WHAT YOU HAVE TO DO:
For the word "open", give the number of lines in these entries that contain it, with nothing else.

TASK INPUT:
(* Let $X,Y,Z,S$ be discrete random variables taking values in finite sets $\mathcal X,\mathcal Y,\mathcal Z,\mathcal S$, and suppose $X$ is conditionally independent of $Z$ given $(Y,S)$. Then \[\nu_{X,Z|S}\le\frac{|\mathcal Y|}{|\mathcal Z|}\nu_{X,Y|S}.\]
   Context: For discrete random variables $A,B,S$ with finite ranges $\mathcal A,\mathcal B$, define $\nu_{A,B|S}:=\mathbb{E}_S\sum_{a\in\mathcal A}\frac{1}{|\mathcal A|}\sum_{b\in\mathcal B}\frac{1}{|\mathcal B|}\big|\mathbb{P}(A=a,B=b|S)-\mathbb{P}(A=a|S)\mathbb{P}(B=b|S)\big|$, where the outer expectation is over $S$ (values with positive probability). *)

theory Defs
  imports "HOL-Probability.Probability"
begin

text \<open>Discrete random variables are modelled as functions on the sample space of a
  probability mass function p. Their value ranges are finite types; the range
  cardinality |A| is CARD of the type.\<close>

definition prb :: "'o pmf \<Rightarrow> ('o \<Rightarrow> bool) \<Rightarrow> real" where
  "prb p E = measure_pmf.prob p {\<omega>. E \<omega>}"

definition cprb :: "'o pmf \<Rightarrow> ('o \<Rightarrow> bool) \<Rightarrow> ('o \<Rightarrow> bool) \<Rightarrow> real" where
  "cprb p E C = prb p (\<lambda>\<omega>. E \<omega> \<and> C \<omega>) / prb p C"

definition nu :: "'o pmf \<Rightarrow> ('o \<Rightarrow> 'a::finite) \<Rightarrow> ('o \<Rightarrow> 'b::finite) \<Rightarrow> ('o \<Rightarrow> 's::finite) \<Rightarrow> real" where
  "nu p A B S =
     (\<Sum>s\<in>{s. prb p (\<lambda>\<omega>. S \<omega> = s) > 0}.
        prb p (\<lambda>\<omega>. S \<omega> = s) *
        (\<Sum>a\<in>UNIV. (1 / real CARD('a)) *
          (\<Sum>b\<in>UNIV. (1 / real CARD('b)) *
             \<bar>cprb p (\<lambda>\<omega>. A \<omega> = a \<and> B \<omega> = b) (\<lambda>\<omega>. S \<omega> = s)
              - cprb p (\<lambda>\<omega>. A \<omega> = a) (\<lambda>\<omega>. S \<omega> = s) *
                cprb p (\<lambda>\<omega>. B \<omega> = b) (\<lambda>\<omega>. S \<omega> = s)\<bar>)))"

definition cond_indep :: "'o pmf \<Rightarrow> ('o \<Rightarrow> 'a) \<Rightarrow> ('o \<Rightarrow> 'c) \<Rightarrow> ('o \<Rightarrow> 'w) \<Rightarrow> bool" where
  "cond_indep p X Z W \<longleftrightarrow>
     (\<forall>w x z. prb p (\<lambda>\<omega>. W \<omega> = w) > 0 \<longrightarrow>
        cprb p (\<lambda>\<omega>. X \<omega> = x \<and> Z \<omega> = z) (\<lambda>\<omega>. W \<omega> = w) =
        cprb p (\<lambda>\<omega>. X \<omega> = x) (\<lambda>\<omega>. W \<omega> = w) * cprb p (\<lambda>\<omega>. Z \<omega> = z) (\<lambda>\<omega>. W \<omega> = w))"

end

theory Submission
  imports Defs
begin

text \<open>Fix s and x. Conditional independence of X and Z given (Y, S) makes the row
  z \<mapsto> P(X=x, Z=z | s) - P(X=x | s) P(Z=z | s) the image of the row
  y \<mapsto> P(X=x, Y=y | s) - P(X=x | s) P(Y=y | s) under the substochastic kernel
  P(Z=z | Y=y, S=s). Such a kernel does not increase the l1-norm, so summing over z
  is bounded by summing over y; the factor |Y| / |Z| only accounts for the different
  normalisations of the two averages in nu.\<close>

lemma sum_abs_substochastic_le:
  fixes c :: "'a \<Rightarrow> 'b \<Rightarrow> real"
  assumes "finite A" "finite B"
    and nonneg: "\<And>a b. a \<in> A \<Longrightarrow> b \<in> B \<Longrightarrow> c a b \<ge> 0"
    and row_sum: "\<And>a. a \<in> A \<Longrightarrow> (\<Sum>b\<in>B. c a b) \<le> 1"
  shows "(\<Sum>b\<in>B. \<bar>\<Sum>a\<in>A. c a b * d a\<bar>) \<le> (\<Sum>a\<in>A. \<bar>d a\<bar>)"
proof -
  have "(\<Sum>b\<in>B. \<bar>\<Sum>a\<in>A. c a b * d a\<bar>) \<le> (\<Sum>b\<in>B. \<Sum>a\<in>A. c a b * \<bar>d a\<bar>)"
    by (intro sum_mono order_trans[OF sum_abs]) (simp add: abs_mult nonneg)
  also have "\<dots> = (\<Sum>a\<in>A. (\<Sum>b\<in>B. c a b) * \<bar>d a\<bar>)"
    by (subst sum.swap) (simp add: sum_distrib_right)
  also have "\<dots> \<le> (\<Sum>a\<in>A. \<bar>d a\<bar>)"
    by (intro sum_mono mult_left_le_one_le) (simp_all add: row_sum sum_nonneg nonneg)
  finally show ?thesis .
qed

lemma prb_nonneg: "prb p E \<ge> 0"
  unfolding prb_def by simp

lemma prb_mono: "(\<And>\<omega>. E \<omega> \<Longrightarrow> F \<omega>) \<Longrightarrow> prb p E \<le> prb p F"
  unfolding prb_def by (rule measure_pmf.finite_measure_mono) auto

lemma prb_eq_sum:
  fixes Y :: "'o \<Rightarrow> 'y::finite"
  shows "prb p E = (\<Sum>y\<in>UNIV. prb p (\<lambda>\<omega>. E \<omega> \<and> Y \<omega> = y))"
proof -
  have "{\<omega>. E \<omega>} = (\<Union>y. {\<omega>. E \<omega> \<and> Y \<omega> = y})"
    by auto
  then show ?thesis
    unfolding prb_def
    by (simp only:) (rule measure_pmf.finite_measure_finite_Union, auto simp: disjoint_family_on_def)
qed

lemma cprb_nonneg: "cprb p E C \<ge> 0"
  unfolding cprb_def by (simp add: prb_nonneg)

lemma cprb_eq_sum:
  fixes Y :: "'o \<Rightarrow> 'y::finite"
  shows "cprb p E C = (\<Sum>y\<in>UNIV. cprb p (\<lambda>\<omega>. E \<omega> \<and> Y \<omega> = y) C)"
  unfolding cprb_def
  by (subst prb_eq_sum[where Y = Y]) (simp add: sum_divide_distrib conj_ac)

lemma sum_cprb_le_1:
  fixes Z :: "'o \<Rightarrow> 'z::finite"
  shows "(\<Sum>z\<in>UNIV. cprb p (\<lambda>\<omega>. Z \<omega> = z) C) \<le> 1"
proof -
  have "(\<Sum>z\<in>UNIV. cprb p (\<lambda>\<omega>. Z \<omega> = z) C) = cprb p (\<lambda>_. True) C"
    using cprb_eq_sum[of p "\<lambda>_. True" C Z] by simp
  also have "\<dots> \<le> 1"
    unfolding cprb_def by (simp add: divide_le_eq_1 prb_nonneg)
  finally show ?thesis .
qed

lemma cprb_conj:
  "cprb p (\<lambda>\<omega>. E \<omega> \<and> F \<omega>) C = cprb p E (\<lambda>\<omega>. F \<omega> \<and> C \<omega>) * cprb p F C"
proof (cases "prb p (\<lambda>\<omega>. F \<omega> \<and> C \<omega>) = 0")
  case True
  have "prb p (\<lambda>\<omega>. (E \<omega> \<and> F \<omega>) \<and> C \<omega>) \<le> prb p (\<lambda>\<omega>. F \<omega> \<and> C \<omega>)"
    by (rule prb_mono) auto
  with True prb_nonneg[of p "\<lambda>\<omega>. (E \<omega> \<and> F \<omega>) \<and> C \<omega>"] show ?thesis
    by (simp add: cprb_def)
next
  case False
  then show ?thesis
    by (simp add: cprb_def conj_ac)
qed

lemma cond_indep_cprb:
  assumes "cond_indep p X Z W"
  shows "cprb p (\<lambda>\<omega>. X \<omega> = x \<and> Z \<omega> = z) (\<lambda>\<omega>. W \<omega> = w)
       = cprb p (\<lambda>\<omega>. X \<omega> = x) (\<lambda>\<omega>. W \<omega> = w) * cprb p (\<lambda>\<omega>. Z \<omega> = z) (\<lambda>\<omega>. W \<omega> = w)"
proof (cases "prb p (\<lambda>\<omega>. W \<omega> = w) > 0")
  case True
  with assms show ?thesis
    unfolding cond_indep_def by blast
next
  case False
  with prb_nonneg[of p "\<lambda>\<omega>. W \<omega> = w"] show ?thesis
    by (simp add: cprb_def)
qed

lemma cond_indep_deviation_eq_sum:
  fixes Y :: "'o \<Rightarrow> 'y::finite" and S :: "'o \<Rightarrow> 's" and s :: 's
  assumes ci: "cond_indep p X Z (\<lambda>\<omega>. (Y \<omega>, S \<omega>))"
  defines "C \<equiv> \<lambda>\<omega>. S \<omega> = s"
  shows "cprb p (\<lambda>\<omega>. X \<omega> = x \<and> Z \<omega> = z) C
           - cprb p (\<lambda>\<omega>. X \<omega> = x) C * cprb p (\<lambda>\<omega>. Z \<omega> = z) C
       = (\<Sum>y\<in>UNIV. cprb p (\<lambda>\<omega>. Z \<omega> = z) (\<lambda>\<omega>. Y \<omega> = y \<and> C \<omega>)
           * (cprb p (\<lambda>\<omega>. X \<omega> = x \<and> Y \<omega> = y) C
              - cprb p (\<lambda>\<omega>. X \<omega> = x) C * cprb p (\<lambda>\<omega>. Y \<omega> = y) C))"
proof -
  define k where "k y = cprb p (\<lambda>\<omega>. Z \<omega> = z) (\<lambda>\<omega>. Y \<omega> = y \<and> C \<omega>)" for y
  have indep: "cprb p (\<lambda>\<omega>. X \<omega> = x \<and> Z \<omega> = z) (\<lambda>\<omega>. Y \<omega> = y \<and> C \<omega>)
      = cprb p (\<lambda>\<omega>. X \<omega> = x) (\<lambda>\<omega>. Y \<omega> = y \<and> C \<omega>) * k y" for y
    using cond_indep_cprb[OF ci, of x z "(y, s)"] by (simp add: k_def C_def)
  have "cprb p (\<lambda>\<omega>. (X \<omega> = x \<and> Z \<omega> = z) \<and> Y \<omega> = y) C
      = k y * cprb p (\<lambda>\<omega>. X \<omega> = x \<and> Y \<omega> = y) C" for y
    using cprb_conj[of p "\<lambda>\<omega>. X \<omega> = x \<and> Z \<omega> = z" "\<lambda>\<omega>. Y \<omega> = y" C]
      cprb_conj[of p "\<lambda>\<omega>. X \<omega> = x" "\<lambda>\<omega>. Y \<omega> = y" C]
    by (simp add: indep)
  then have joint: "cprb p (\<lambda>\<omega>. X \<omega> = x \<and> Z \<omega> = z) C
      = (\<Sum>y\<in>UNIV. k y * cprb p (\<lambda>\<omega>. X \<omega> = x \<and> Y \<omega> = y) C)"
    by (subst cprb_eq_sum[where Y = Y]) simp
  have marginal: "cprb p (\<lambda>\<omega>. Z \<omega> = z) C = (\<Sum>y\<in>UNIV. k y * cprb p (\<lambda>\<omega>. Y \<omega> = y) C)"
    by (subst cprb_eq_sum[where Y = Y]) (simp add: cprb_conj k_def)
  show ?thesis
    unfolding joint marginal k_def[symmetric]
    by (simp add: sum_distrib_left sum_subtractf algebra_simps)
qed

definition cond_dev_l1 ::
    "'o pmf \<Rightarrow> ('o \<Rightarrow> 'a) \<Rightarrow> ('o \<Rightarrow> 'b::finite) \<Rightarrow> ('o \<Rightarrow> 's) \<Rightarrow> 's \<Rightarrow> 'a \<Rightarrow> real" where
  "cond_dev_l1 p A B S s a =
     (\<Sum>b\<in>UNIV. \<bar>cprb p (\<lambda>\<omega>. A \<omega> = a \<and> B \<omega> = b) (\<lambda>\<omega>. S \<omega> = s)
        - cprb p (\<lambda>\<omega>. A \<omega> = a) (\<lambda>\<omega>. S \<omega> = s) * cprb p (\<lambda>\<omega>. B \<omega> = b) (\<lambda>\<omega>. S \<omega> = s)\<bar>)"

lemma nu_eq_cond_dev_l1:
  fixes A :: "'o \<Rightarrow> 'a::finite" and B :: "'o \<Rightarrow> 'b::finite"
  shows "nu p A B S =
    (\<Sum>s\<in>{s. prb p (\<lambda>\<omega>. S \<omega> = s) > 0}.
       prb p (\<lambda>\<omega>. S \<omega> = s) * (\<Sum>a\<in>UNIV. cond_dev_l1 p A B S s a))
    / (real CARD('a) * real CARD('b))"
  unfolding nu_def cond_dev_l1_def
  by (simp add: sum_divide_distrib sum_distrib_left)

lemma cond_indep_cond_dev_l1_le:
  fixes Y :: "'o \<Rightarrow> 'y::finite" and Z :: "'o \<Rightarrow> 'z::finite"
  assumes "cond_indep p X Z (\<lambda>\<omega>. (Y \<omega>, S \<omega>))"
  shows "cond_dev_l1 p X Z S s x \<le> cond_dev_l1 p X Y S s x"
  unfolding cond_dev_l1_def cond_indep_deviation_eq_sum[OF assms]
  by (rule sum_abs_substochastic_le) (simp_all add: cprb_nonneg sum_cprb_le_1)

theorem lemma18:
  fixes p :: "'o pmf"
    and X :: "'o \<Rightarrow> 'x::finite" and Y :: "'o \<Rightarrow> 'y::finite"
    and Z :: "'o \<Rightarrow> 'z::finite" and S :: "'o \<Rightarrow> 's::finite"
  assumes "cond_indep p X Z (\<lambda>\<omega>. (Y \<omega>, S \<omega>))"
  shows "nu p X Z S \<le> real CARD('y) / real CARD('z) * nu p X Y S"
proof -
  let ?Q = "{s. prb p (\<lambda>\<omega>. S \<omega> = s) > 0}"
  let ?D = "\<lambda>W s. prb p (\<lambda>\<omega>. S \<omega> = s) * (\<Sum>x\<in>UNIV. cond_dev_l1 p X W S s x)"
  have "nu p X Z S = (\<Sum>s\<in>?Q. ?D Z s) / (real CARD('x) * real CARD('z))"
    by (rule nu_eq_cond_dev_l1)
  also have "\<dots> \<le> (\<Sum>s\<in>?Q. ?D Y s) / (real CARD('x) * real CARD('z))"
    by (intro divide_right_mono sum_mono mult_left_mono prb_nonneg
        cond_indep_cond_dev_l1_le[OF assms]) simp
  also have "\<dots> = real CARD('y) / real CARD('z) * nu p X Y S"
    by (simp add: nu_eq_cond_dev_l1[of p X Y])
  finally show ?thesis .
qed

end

SOLUTION TO THE EXERCISE:
2